The jailer falls down before Paul and Silas and asks the question that rings through the centuries: «Sirs, what must I do to be saved?» (Acts 16:30). Out of the warlike place, a soul.
And here is the connection that turns a good story into a thread of gold: years later, from a different prison — a Roman one — Paul writes a letter back to this warlike city. The letter to the Philippians. And listen to what he tells them:
«Only let your conversation be as it becometh the gospel of Christ: that whether I come and see you, or else be absent, I may hear of your affairs, that ye stand fast in one spirit» (Philippians 1:27). Stand fast. Military language for a military city. Then: «I can do all things through Christ which strengtheneth me» (Philippians 4:13). And: «my God shall supply all your need according to his riches in glory by Christ Jesus» (Philippians 4:19). And, most remarkably: «Rejoice in the Lord alway: and again I say, Rejoice» (Philippians 4:4). Written from prison. To a city where he was first imprisoned.

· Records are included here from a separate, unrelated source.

theorem mainTheorem8:
  fixes n :: nat and f :: mpoly and v :: "nat \<Rightarrow> real" and d :: real
    and l :: int and lam :: real
  assumes f_in: "mpoly_in n f"
    and f_nz: "f \<noteq> 0"
    and v_nz: "\<exists>i<n. v i \<noteq> 0"
    and qh: "\<forall>\<gamma>\<in>Poly_Mapping.keys f. (\<Sum>i<n. v i * real (Poly_Mapping.lookup \<gamma> i)) = d"
    and lam_nz: "lam \<noteq> 0"
    and proper: "initial_ideal n (\<lambda>i. lam * v i) (ann_pow n f l) \<noteq> weyl_alg n"
  shows "b_function n (ann_pow n f l) (\<lambda>i. lam * v i) = [: - complex_of_real (real_of_int l * lam * d), 1 :]"
proof -
  define \<omega> where "\<omega> = (\<lambda>i. lam * v i)"
  define c where "c = complex_of_real (real_of_int l * lam * d)"
  define J where "J = initial_ideal n \<omega> (ann_pow n f l)"
  have "\<forall>\<gamma>\<in>Poly_Mapping.keys f. (\<Sum>i<n. \<omega> i * real (Poly_Mapping.lookup \<gamma> i)) = lam * d"
    using qh by (simp add: \<omega>_def mult.assoc sum_distrib_left[symmetric])
  from euler_s_minus_const_in_ann_pow[OF this, of l]
  have "euler_s n \<omega> - weyl_const c \<in> ann_pow n f l"
    by (simp add: c_def mult.assoc)
  then have "euler_s n \<omega> - weyl_const c \<in> J"
    unfolding J_def
    by (rule weight_homogeneous_in_initial_ideal[OF ann_pow_subset_weyl_alg _ weight_keys_euler_s_minus_const])
  then have "weyl_poly_eval p (euler_s n \<omega>) \<in> J \<longleftrightarrow> [:-c, 1:] dvd p" for p
    using weyl_poly_eval_in_left_ideal_iff[OF is_left_ideal_initial_ideal[OF ann_pow_subset_weyl_alg] _ euler_s_in_weyl_alg]
      proper poly_eq_0_iff_dvd
    by (simp add: J_def \<omega>_def)
  then have "b_function n (ann_pow n f l) \<omega> = [:-c, 1:]"
    by (intro b_function_eqI) (simp_all add: J_def)
  then show ?thesis
    by (simp add: \<omega>_def c_def)
qed

end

The man who sang at midnight in Philippi tells the Philippians to rejoice from a Roman cell.
And there is one more word Paul uses for the Philippians that reaches back to the beginning of our story and forward to its end. He calls them: «my brethren dearly beloved and longed for, my joy and crown» (Philippians 4:1). The word is stephanos (G4735) — the same word as Stephen’s name, the same word Paul will use in his final letter for the crown of righteousness. The warlike church is his crown. The people born in the prison earthquake, baptised in the midnight praise, are the ones he calls his stephanos. The crown thread does not sleep in the middle chapters. It runs quietly through Philippi, waiting for Rome.
One more name from the Philippian letter deserves mention. Paul writes of Epaphroditus — Epaphroditos (G1891), whose name Strong’s traces to epi (upon, devoted to) and Aphroditē — literally, «devoted to Aphrodite.» A man named for the pagan goddess of love — who came from Philippi to minister to Paul in prison and «was sick nigh unto death: but God had mercy on him» (Philippians 2:27). Paul sends him back with the instruction: «Receive him therefore in the Lord with all gladness; and hold such in reputation: because for the work of Christ he was nigh unto death, not regarding his life» (Philippians 2:29–30). The lovely one nearly died carrying love between the warlike city and the prisoner. Even the names of the messengers match the story.
The warlike city receives the letter of supernatural joy in chains. The city’s name prophesied its character. And the letter Paul wrote to it answered that character with something the warlike place had never seen: praise in the darkness, and doors that open from the inside.